▶ _ASSIGNMENT_
The response should consist of every line below, unchanged.

------ SUPPLIED DATA ------

(* Let $\mathcal W$ be a monotonic game on $[n]$ and $i\neq j$ players. Then the game $\hat{\mathcal W}$ obtained by imposing an asymmetric non-reciprocal strong YES-quarrel of $i$ against $j$ is quasi-monotonic (i.e. 1-monotonic).
   Context: Players are $[n]=\{1,\dots,n\}$. A binary voting game on $[n]$ is identified with its collection $\mathcal W\subseteq 2^{[n]}$ of winning sets ($S\in\mathcal W$ means the division in which exactly the members of $S$ vote YES has outcome YES). It is monotonic if $T\subseteq S$ and $T\in\mathcal W$ imply $S\in\mathcal W$. For an integer $k\ge0$, a game $\mathcal W$ is $k$-monotonic if for every $S\subseteq[n]$ with $S\notin\mathcal W$ and every proper subset $T\subsetneq S$ there exists $K$ with $|K|\le k$ such that $T\setminus K\notin\mathcal W$; quasi-monotonic means 1-monotonic. Asymmetric non-reciprocal strong YES-quarrel of $i$ against $j$: for every $S\subseteq[n]\setminus\{i,j\}$, $S\cup\{i,j\}\in\hat{\mathcal W}\iff S\cup\{j\}\in\mathcal W$; $S\cup\{i\}\in\hat{\mathcal W}\iff S\cup\{i\}\in\mathcal W$; $S\cup\{j\}\in\hat{\mathcal W}\iff S\cup\{j\}\in\mathcal W$; $S\in\hat{\mathcal W}\iff S\in\mathcal W$. *)

theory Defs
  imports Main
begin

definition is_game :: "nat \<Rightarrow> nat set set \<Rightarrow> bool" where
  "is_game n W \<longleftrightarrow> W \<subseteq> Pow {1..n}"

definition monotonic :: "nat \<Rightarrow> nat set set \<Rightarrow> bool" where
  "monotonic n W \<longleftrightarrow>
     (\<forall>S T. S \<subseteq> {1..n} \<longrightarrow> T \<subseteq> S \<longrightarrow> T \<in> W \<longrightarrow> S \<in> W)"

definition k_monotonic :: "nat \<Rightarrow> nat \<Rightarrow> nat set set \<Rightarrow> bool" where
  "k_monotonic k n W \<longleftrightarrow>
     (\<forall>S T. S \<subseteq> {1..n} \<longrightarrow> S \<notin> W \<longrightarrow> T \<subset> S \<longrightarrow>
        (\<exists>K. K \<subseteq> {1..n} \<and> card K \<le> k \<and> T - K \<notin> W))"

definition quasi_monotonic :: "nat \<Rightarrow> nat set set \<Rightarrow> bool" where
  "quasi_monotonic n W \<longleftrightarrow> k_monotonic 1 n W"

definition asym_nonrecip_strong_yes_quarrel ::
  "nat \<Rightarrow> nat \<Rightarrow> nat \<Rightarrow> nat set set \<Rightarrow> nat set set \<Rightarrow> bool" where
  "asym_nonrecip_strong_yes_quarrel n i j W W' \<longleftrightarrow>
     (\<forall>S. S \<subseteq> {1..n} - {i, j} \<longrightarrow>
        (S \<union> {i, j} \<in> W' \<longleftrightarrow> S \<union> {j} \<in> W) \<and>
        (S \<union> {i} \<in> W' \<longleftrightarrow> S \<union> {i} \<in> W) \<and>
        (S \<union> {j} \<in> W' \<longleftrightarrow> S \<union> {j} \<in> W) \<and>
        (S \<in> W' \<longleftrightarrow> S \<in> W))"

end

theory Submission
  imports Defs
begin

text \<open>Take \<open>K = {i}\<close>. Deleting \<open>i\<close> from a losing coalition \<open>S\<close> of the quarrelled game gives a
losing coalition of \<open>W\<close>: if \<open>i, j \<in> S\<close> this is the quarrel rule for \<open>{i, j}\<close>, if only \<open>i \<in> S\<close> it
follows from monotonicity of \<open>W\<close>, and otherwise nothing changes. For any \<open>T \<subset> S\<close>, monotonicity of
\<open>W\<close> then makes \<open>T - {i}\<close> losing in \<open>W\<close>, and the two games agree on coalitions without \<open>i\<close>.\<close>

lemma quarrel_rules:
  assumes "asym_nonrecip_strong_yes_quarrel n i j W W'" and "R \<subseteq> {1..n} - {i, j}"
  shows "R \<union> {i, j} \<in> W' \<longleftrightarrow> R \<union> {j} \<in> W"
    and "R \<union> {i} \<in> W' \<longleftrightarrow> R \<union> {i} \<in> W"
    and "R \<union> {j} \<in> W' \<longleftrightarrow> R \<union> {j} \<in> W"
    and "R \<in> W' \<longleftrightarrow> R \<in> W"
  using assms unfolding asym_nonrecip_strong_yes_quarrel_def by blast+

lemma quarrel_agrees_without_quarreller:
  assumes quarrel: "asym_nonrecip_strong_yes_quarrel n i j W W'"
    and "X \<subseteq> {1..n}" and "i \<notin> X"
  shows "X \<in> W' \<longleftrightarrow> X \<in> W"
proof -
  have R: "X - {i, j} \<subseteq> {1..n} - {i, j}" using assms(2) by auto
  show ?thesis
  proof (cases "j \<in> X")
    case True
    then have "(X - {i, j}) \<union> {j} = X" using assms(3) by auto
    with quarrel_rules(3)[OF quarrel R] show ?thesis by simp
  next
    case False
    then have "X - {i, j} = X" using assms(3) by auto
    with quarrel_rules(4)[OF quarrel R] show ?thesis by simp
  qed
qed

lemma quarrel_losing_minus_quarreller:
  assumes quarrel: "asym_nonrecip_strong_yes_quarrel n i j W W'"
    and mono: "monotonic n W" and "i \<noteq> j"
    and S: "S \<subseteq> {1..n}" and lose: "S \<notin> W'"
  shows "S - {i} \<notin> W"
proof -
  have R: "S - {i, j} \<subseteq> {1..n} - {i, j}" using S by auto
  consider "i \<notin> S" | "i \<in> S" "j \<in> S" | "i \<in> S" "j \<notin> S" by blast
  then show ?thesis
  proof cases
    case 1
    then show ?thesis
      using quarrel_agrees_without_quarreller[OF quarrel S] lose by simp
  next
    case 2
    then have "(S - {i, j}) \<union> {i, j} = S" and "(S - {i, j}) \<union> {j} = S - {i}"
      using \<open>i \<noteq> j\<close> by auto
    with quarrel_rules(1)[OF quarrel R] lose show ?thesis by simp
  next
    case 3
    then have "(S - {i, j}) \<union> {i} = S" by auto
    with quarrel_rules(2)[OF quarrel R] lose have "S \<notin> W" by simp
    then show ?thesis
      using mono S unfolding monotonic_def by blast
  qed
qed

theorem theorem11:
  fixes n i j :: nat and W W' :: "nat set set"
  assumes "is_game n W" and "monotonic n W"
    and "i \<in> {1..n}" and "j \<in> {1..n}" and "i \<noteq> j"
    and "is_game n W'"
    and "asym_nonrecip_strong_yes_quarrel n i j W W'"
  shows "quasi_monotonic n W'"
  unfolding quasi_monotonic_def k_monotonic_def
proof (intro allI impI)
  fix S T
  assume S: "S \<subseteq> {1..n}" and lose: "S \<notin> W'" and "T \<subset> S"
  have "S - {i} \<notin> W"
    using quarrel_losing_minus_quarreller[OF assms(7,2,5) S lose] .
  moreover have "S - {i} \<subseteq> {1..n}" and "T - {i} \<subseteq> S - {i}"
    using S \<open>T \<subset> S\<close> by auto
  ultimately have "T - {i} \<notin> W"
    using assms(2) unfolding monotonic_def by blast
  moreover have "T - {i} \<subseteq> {1..n}" using S \<open>T \<subset> S\<close> by auto
  ultimately have "T - {i} \<notin> W'"
    using quarrel_agrees_without_quarreller[OF assms(7)] by simp
  then show "\<exists>K. K \<subseteq> {1..n} \<and> card K \<le> 1 \<and> T - K \<notin> W'"
    using assms(3) by (intro exI[of _ "{i}"]) simp
qed

end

------

▶ _SOLVED PROBLEM_
(* Let $\mathcal W$ be a monotonic game on $[n]$ and $i\neq j$ players. Then the game $\hat{\mathcal W}$ obtained by imposing an asymmetric non-reciprocal strong YES-quarrel of $i$ against $j$ is quasi-monotonic (i.e. 1-monotonic).
   Context: Players are $[n]=\{1,\dots,n\}$. A binary voting game on $[n]$ is identified with its collection $\mathcal W\subseteq 2^{[n]}$ of winning sets ($S\in\mathcal W$ means the division in which exactly the members of $S$ vote YES has outcome YES). It is monotonic if $T\subseteq S$ and $T\in\mathcal W$ imply $S\in\mathcal W$. For an integer $k\ge0$, a game $\mathcal W$ is $k$-monotonic if for every $S\subseteq[n]$ with $S\notin\mathcal W$ and every proper subset $T\subsetneq S$ there exists $K$ with $|K|\le k$ such that $T\setminus K\notin\mathcal W$; quasi-monotonic means 1-monotonic. Asymmetric non-reciprocal strong YES-quarrel of $i$ against $j$: for every $S\subseteq[n]\setminus\{i,j\}$, $S\cup\{i,j\}\in\hat{\mathcal W}\iff S\cup\{j\}\in\mathcal W$; $S\cup\{i\}\in\hat{\mathcal W}\iff S\cup\{i\}\in\mathcal W$; $S\cup\{j\}\in\hat{\mathcal W}\iff S\cup\{j\}\in\mathcal W$; $S\in\hat{\mathcal W}\iff S\in\mathcal W$. *)

theory Defs
  imports Main
begin

definition is_game :: "nat \<Rightarrow> nat set set \<Rightarrow> bool" where
  "is_game n W \<longleftrightarrow> W \<subseteq> Pow {1..n}"

definition monotonic :: "nat \<Rightarrow> nat set set \<Rightarrow> bool" where
  "monotonic n W \<longleftrightarrow>
     (\<forall>S T. S \<subseteq> {1..n} \<longrightarrow> T \<subseteq> S \<longrightarrow> T \<in> W \<longrightarrow> S \<in> W)"

definition k_monotonic :: "nat \<Rightarrow> nat \<Rightarrow> nat set set \<Rightarrow> bool" where
  "k_monotonic k n W \<longleftrightarrow>
     (\<forall>S T. S \<subseteq> {1..n} \<longrightarrow> S \<notin> W \<longrightarrow> T \<subset> S \<longrightarrow>
        (\<exists>K. K \<subseteq> {1..n} \<and> card K \<le> k \<and> T - K \<notin> W))"

definition quasi_monotonic :: "nat \<Rightarrow> nat set set \<Rightarrow> bool" where
  "quasi_monotonic n W \<longleftrightarrow> k_monotonic 1 n W"

definition asym_nonrecip_strong_yes_quarrel ::
  "nat \<Rightarrow> nat \<Rightarrow> nat \<Rightarrow> nat set set \<Rightarrow> nat set set \<Rightarrow> bool" where
  "asym_nonrecip_strong_yes_quarrel n i j W W' \<longleftrightarrow>
     (\<forall>S. S \<subseteq> {1..n} - {i, j} \<longrightarrow>
        (S \<union> {i, j} \<in> W' \<longleftrightarrow> S \<union> {j} \<in> W) \<and>
        (S \<union> {i} \<in> W' \<longleftrightarrow> S \<union> {i} \<in> W) \<and>
        (S \<union> {j} \<in> W' \<longleftrightarrow> S \<union> {j} \<in> W) \<and>
        (S \<in> W' \<longleftrightarrow> S \<in> W))"

end

theory Submission
  imports Defs
begin

text \<open>Take \<open>K = {i}\<close>. Deleting \<open>i\<close> from a losing coalition \<open>S\<close> of the quarrelled game gives a
losing coalition of \<open>W\<close>: if \<open>i, j \<in> S\<close> this is the quarrel rule for \<open>{i, j}\<close>, if only \<open>i \<in> S\<close> it
follows from monotonicity of \<open>W\<close>, and otherwise nothing changes. For any \<open>T \<subset> S\<close>, monotonicity of
\<open>W\<close> then makes \<open>T - {i}\<close> losing in \<open>W\<close>, and the two games agree on coalitions without \<open>i\<close>.\<close>

lemma quarrel_rules:
  assumes "asym_nonrecip_strong_yes_quarrel n i j W W'" and "R \<subseteq> {1..n} - {i, j}"
  shows "R \<union> {i, j} \<in> W' \<longleftrightarrow> R \<union> {j} \<in> W"
    and "R \<union> {i} \<in> W' \<longleftrightarrow> R \<union> {i} \<in> W"
    and "R \<union> {j} \<in> W' \<longleftrightarrow> R \<union> {j} \<in> W"
    and "R \<in> W' \<longleftrightarrow> R \<in> W"
  using assms unfolding asym_nonrecip_strong_yes_quarrel_def by blast+

lemma quarrel_agrees_without_quarreller:
  assumes quarrel: "asym_nonrecip_strong_yes_quarrel n i j W W'"
    and "X \<subseteq> {1..n}" and "i \<notin> X"
  shows "X \<in> W' \<longleftrightarrow> X \<in> W"
proof -
  have R: "X - {i, j} \<subseteq> {1..n} - {i, j}" using assms(2) by auto
  show ?thesis
  proof (cases "j \<in> X")
    case True
    then have "(X - {i, j}) \<union> {j} = X" using assms(3) by auto
    with quarrel_rules(3)[OF quarrel R] show ?thesis by simp
  next
    case False
    then have "X - {i, j} = X" using assms(3) by auto
    with quarrel_rules(4)[OF quarrel R] show ?thesis by simp
  qed
qed

lemma quarrel_losing_minus_quarreller:
  assumes quarrel: "asym_nonrecip_strong_yes_quarrel n i j W W'"
    and mono: "monotonic n W" and "i \<noteq> j"
    and S: "S \<subseteq> {1..n}" and lose: "S \<notin> W'"
  shows "S - {i} \<notin> W"
proof -
  have R: "S - {i, j} \<subseteq> {1..n} - {i, j}" using S by auto
  consider "i \<notin> S" | "i \<in> S" "j \<in> S" | "i \<in> S" "j \<notin> S" by blast
  then show ?thesis
  proof cases
    case 1
    then show ?thesis
      using quarrel_agrees_without_quarreller[OF quarrel S] lose by simp
  next
    case 2
    then have "(S - {i, j}) \<union> {i, j} = S" and "(S - {i, j}) \<union> {j} = S - {i}"
      using \<open>i \<noteq> j\<close> by auto
    with quarrel_rules(1)[OF quarrel R] lose show ?thesis by simp
  next
    case 3
    then have "(S - {i, j}) \<union> {i} = S" by auto
    with quarrel_rules(2)[OF quarrel R] lose have "S \<notin> W" by simp
    then show ?thesis
      using mono S unfolding monotonic_def by blast
  qed
qed

theorem theorem11:
  fixes n i j :: nat and W W' :: "nat set set"
  assumes "is_game n W" and "monotonic n W"
    and "i \<in> {1..n}" and "j \<in> {1..n}" and "i \<noteq> j"
    and "is_game n W'"
    and "asym_nonrecip_strong_yes_quarrel n i j W W'"
  shows "quasi_monotonic n W'"
  unfolding quasi_monotonic_def k_monotonic_def
proof (intro allI impI)
  fix S T
  assume S: "S \<subseteq> {1..n}" and lose: "S \<notin> W'" and "T \<subset> S"
  have "S - {i} \<notin> W"
    using quarrel_losing_minus_quarreller[OF assms(7,2,5) S lose] .
  moreover have "S - {i} \<subseteq> {1..n}" and "T - {i} \<subseteq> S - {i}"
    using S \<open>T \<subset> S\<close> by auto
  ultimately have "T - {i} \<notin> W"
    using assms(2) unfolding monotonic_def by blast
  moreover have "T - {i} \<subseteq> {1..n}" using S \<open>T \<subset> S\<close> by auto
  ultimately have "T - {i} \<notin> W'"
    using quarrel_agrees_without_quarreller[OF assms(7)] by simp
  then show "\<exists>K. K \<subseteq> {1..n} \<and> card K \<le> 1 \<and> T - K \<notin> W'"
    using assms(3) by (intro exI[of _ "{i}"]) simp
qed

end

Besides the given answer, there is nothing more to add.